Après une grève qui a vidé les salles de classe et rempli les rues – et à laquelle le Département ne s'attendait sûrement pas – l'Éducation a décidé de passer à l'action et de mettre sur la table une augmentation des salaires des enseignants, et ainsi d'arrêter les nouvelles protestations déjà annoncées. Le Département propose d'augmenter le supplément régional – une partie de la masse salariale des enseignants qui dépend de la Generalitat et qui est gelée depuis 25 ans – de 3,75% par an pendant quatre ans, ce qui se traduit par environ 27 euros de plus par mois cette année. Mais en 2029, le supplément – qui est de 705 euros pour les enseignants du primaire et de 720 euros pour les enseignants du secondaire – aura augmenté de 15 %, soit 1 500 euros de plus par an. « C'est une bonne proposition. La première concerne une augmentation de l'effectif spécifique dans 25 ans et placerait les enseignants dans la moyenne supérieure par rapport au groupe des communautés autonomes », a déclaré le secrétaire à l'Amélioration Éducative, Ignasi Giménez.
A cette augmentation s'ajoute l'amélioration de l'État – les salaires des enseignants sont fixés par le gouvernement central – qui est de 11,5% pour quatre ans également. Tout cela implique qu'un enseignant gagnera aujourd'hui 33 800 euros par an à 37 500 euros en 2029, et de 38 000 à 42 200 euros pour les enseignants du secondaire. Le Département présentera jeudi la proposition – d'un coût de 300 millions – aux syndicats à la table sectorielle, même s'il prévient déjà que tout dépend de l'existence ou non de budgets en 2026.
L'éducation apportera également d'autres propositions à la table sectorielle, pour répondre à la demande des enseignants, comme l'augmentation des heures des coordinateurs et l'augmentation de 25% en cinq ans du complément que reçoivent les coordinateurs numériques, l'augmentation du nombre de professionnels affectés à l'école inclusive ou la réduction des ratios de 1ère ESO à 27 élèves – il y en a maintenant 30 – pour l'année scolaire 2028-2029. De même, il est proposé de supprimer les profils de postes correspondant aux Compétences et Méthodologies Numériques avec une approche globalisée,
Proposition insuffisante
Le syndicat majoritaire, l'Ustec, attribue le mouvement du Département à la grève « massive » du 11, mais la qualifie de « proposition minimale » et « insuffisante », sachant que le groupe réclamait une augmentation de 100% de l'effectif régional. De même, ils critiquent le fait que de nombreuses mesures « n'intègrent pas de mémoire économique, ce qui génère de l'incertitude » et que le calendrier de réduction des ratios est « lent et peu ambitieux ».

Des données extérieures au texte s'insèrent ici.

lemma cross_integral_eq_divdiff:
  assumes "finite I" "I \<noteq> {}" "generic_weights I a" "0 \<le> t"
  shows "cross_integral I a t = 2 ^ card I *
    divdiff (pm_nodes (\<lambda>j. \<i> * of_real (a j)) I) (\<lambda>z. z ^ (card I - 1) * exp (z * of_real t))"
  using assms
proof (induction I arbitrary: t rule: finite_ne_induct)
  case (singleton k)
  then show ?case
    by (simp add: cross_integral_singleton pm_nodes_def generic_weights_def insert_commute)
next
  case (insert k I)
  let ?w = "\<lambda>j. \<i> * complex_of_real (a j)"
  let ?L = "pm_nodes ?w I"
  define \<mu> where "\<mu> = ?w k"
  define m where "m = card I"
  have gen: "generic_weights I a"
    using insert.prems(1) unfolding generic_weights_def by (auto intro: inj_on_subset)
  have m: "Suc (m - 1) = m"
    using insert.hyps unfolding m_def by (simp add: card_gt_0_iff)
  have L: "finite ?L" "m - 1 < card ?L"
  proof -
    have "m \<le> card ?L"
      unfolding m_def pm_nodes_def using insert.hyps(1) generic_weights_imaginary(1)[OF gen]
      by (metis card_image card_mono finite_UnI finite_imageI sup_ge1)
    with m show "finite ?L" "m - 1 < card ?L" using insert.hyps(1) by (auto simp: finite_pm_nodes)
  qed
  have "a k \<noteq> 0" "\<And>j. j \<in> I \<Longrightarrow> \<bar>a j\<bar> \<noteq> \<bar>a k\<bar>"
    using insert.prems(1) insert.hyps(3) unfolding generic_weights_def by (auto simp: image_iff)
  then have \<mu>: "\<mu> \<noteq> 0" "\<mu> \<notin> ?L" "- \<mu> \<notin> ?L"
    unfolding \<mu>_def pm_nodes_def by (auto simp: complex_eq_iff) (metis abs_minus_cancel)+
  have "cross_integral (insert k I) a t = (\<integral>y. exp (- \<mu> * of_real y) * cross_integral I a (t - \<bar>y\<bar>) \<partial>lborel)"
    unfolding \<mu>_def by (rule cross_integral_insert[OF insert.hyps(1,3)])
  also have "\<dots> = (\<integral>y. indicator {-t..t} y *\<^sub>R (exp (- \<mu> * of_real y) *
      divdiff ?L (\<lambda>l. 2 ^ m * l ^ (m - 1) * exp (l * of_real (t - \<bar>y\<bar>)))) \<partial>lborel)"
  proof (intro Bochner_Integration.integral_cong refl)
    fix y :: real
    show "exp (- \<mu> * of_real y) * cross_integral I a (t - \<bar>y\<bar>) = indicator {-t..t} y *\<^sub>R (exp (- \<mu> * of_real y) *
      divdiff ?L (\<lambda>l. 2 ^ m * l ^ (m - 1) * exp (l * of_real (t - \<bar>y\<bar>))))"
      using insert.IH[OF gen, of "t - \<bar>y\<bar>"] cross_integral_neg[of "t - \<bar>y\<bar>" I a]
      by (auto simp: m_def indicator_def divdiff_cmult[symmetric] mult.assoc)
  qed
  also have "\<dots> = divdiff ?L (\<lambda>l. 2 ^ m * l ^ (m - 1) * ((exp (- \<mu> * of_real t) - exp (l * of_real t)) / (- \<mu> - l)
      + (exp (\<mu> * of_real t) - exp (l * of_real t)) / (\<mu> - l)))"
    using L \<mu> insert.prems(2) by (intro integral_exp_conv_divdiff) auto
  also have "\<dots> = 2 ^ m * divdiff ?L (\<lambda>l. l ^ (m - 1) * ((exp (- \<mu> * of_real t) - exp (l * of_real t)) / (- \<mu> - l)
      + (exp (\<mu> * of_real t) - exp (l * of_real t)) / (\<mu> - l)))"
    by (simp only: divdiff_cmult[symmetric] mult.assoc)
  also have "\<dots> = 2 ^ m * (2 * divdiff (insert \<mu> (insert (- \<mu>) ?L)) (\<lambda>z. z ^ m * exp (z * of_real t)))"
    using divdiff_insert_pm[OF L \<mu>, of "\<lambda>z. exp (z * of_real t)", unfolded m] by simp
  also have "\<dots> = 2 ^ card (insert k I) * divdiff (pm_nodes ?w (insert k I))
      (\<lambda>z. z ^ (card (insert k I) - 1) * exp (z * of_real t))"
    using insert.hyps L(2) by (simp add: m_def pm_nodes_insert \<mu>_def)
  finally show ?case .
qed

lemma Basis_real_vec: "(Basis :: (real ^ 'n) set) = range (\<lambda>i. axis i 1)"
  by (auto simp: Basis_vec_def)

lemma inj_axis_1: "inj (\<lambda>i::'n::finite. axis i (1::real))"
  by (auto simp: inj_on_def axis_eq_axis)

lemma fourier_transform_cross_polytope_eq_cross_integral:
  fixes y :: "real ^ 'n"
  shows "fourier_transform (indicator (cross_polytope :: (real ^ 'n) set)) y =
    cross_integral (Basis :: (real ^ 'n) set) (\<lambda>b. 2 * pi * (b \<bullet> y)) 1"
proof -
  define \<phi> :: "((real ^ 'n) \<Rightarrow> real) \<Rightarrow> real ^ 'n" where "\<phi> = (\<lambda>f. \<Sum>b\<in>Basis. f b *\<^sub>R b)"
  define g where "g = (\<lambda>x::real ^ 'n. indicator cross_polytope x * exp (- 2 * pi * \<i> * complex_of_real (x \<bullet> y)))"
  have "closed (cross_polytope :: (real ^ 'n) set)"
    unfolding cross_polytope_def by (intro closed_Collect_le continuous_intros)
  then have [measurable]: "(cross_polytope :: (real ^ 'n) set) \<in> sets borel"
    by (rule borel_closed)
  have g: "g \<in> borel_measurable borel"
    unfolding g_def by measurable
  have \<phi>: "\<phi> \<in> measurable (Pi\<^sub>M Basis (\<lambda>b. lborel)) borel"
    unfolding \<phi>_def by measurable
  have g_\<phi>: "g (\<phi> x) = (if (\<Sum>b\<in>Basis. \<bar>x b\<bar>) \<le> 1
      then exp (- \<i> * of_real (\<Sum>b\<in>Basis. 2 * pi * (b \<bullet> y) * x b)) else 0)" for x
  proof -
    have coord: "\<phi> x \<bullet> b = x b" if "b \<in> Basis" for b
      unfolding \<phi>_def using that by simp
    have "(\<Sum>i\<in>UNIV. \<bar>\<phi> x $ i\<bar>) = (\<Sum>b\<in>Basis. \<bar>\<phi> x \<bullet> b\<bar>)"
      by (simp add: Basis_real_vec sum.reindex[OF inj_axis_1] cart_eq_inner_axis)
    also have "\<dots> = (\<Sum>b\<in>Basis. \<bar>x b\<bar>)"
      by (simp add: coord)
    finally have "(\<Sum>i\<in>UNIV. \<bar>\<phi> x $ i\<bar>) = (\<Sum>b\<in>Basis. \<bar>x b\<bar>)" .
    moreover have "\<phi> x \<bullet> y = (\<Sum>b\<in>Basis. x b * (b \<bullet> y))"
      by (subst euclidean_inner) (intro sum.cong refl, simp add: coord, simp add: inner_commute)
    ultimately show ?thesis
      unfolding g_def cross_polytope_def by (simp add: indicator_def sum_distrib_left algebra_simps)
  qed
  have lborel: "(lborel :: (real ^ 'n) measure) = distr (Pi\<^sub>M Basis (\<lambda>b. lborel)) borel \<phi>"
    unfolding \<phi>_def by (rule lborel_eq)
  have "integrable (Pi\<^sub>M Basis (\<lambda>b. lborel)) (\<lambda>x. g (\<phi> x))"
    unfolding g_\<phi> by (rule integrable_cross_integrand) simp
  then have "integrable lborel g"
    unfolding lborel using integrable_distr_eq[OF \<phi> g] by simp
  then have "fourier_transform (indicator (cross_polytope :: (real ^ 'n) set)) y = integral\<^sup>L lborel g"
    unfolding fourier_transform_def g_def by (rule integral_unique[OF has_integral_integral_lborel])
  also have "\<dots> = (\<integral>x. g (\<phi> x) \<partial>Pi\<^sub>M Basis (\<lambda>b. lborel))"
    unfolding lborel by (rule integral_distr[OF \<phi> g])
  finally show ?thesis
    unfolding cross_integral_def g_\<phi> .
qed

« Nous ne pouvons pas accepter des propositions bien inférieures à celles accordées aux autres fonctionnaires », conclut Ustec, en référence à l'annonce de l'augmentation annuelle de 4 000 euros pour les agents des Mossos, une amélioration qui, dans ce cas, ne dépendra pas des budgets. Des sources éducatives justifient que son augmentation coûte 300 millions et dans le cas de la police, 50 millions.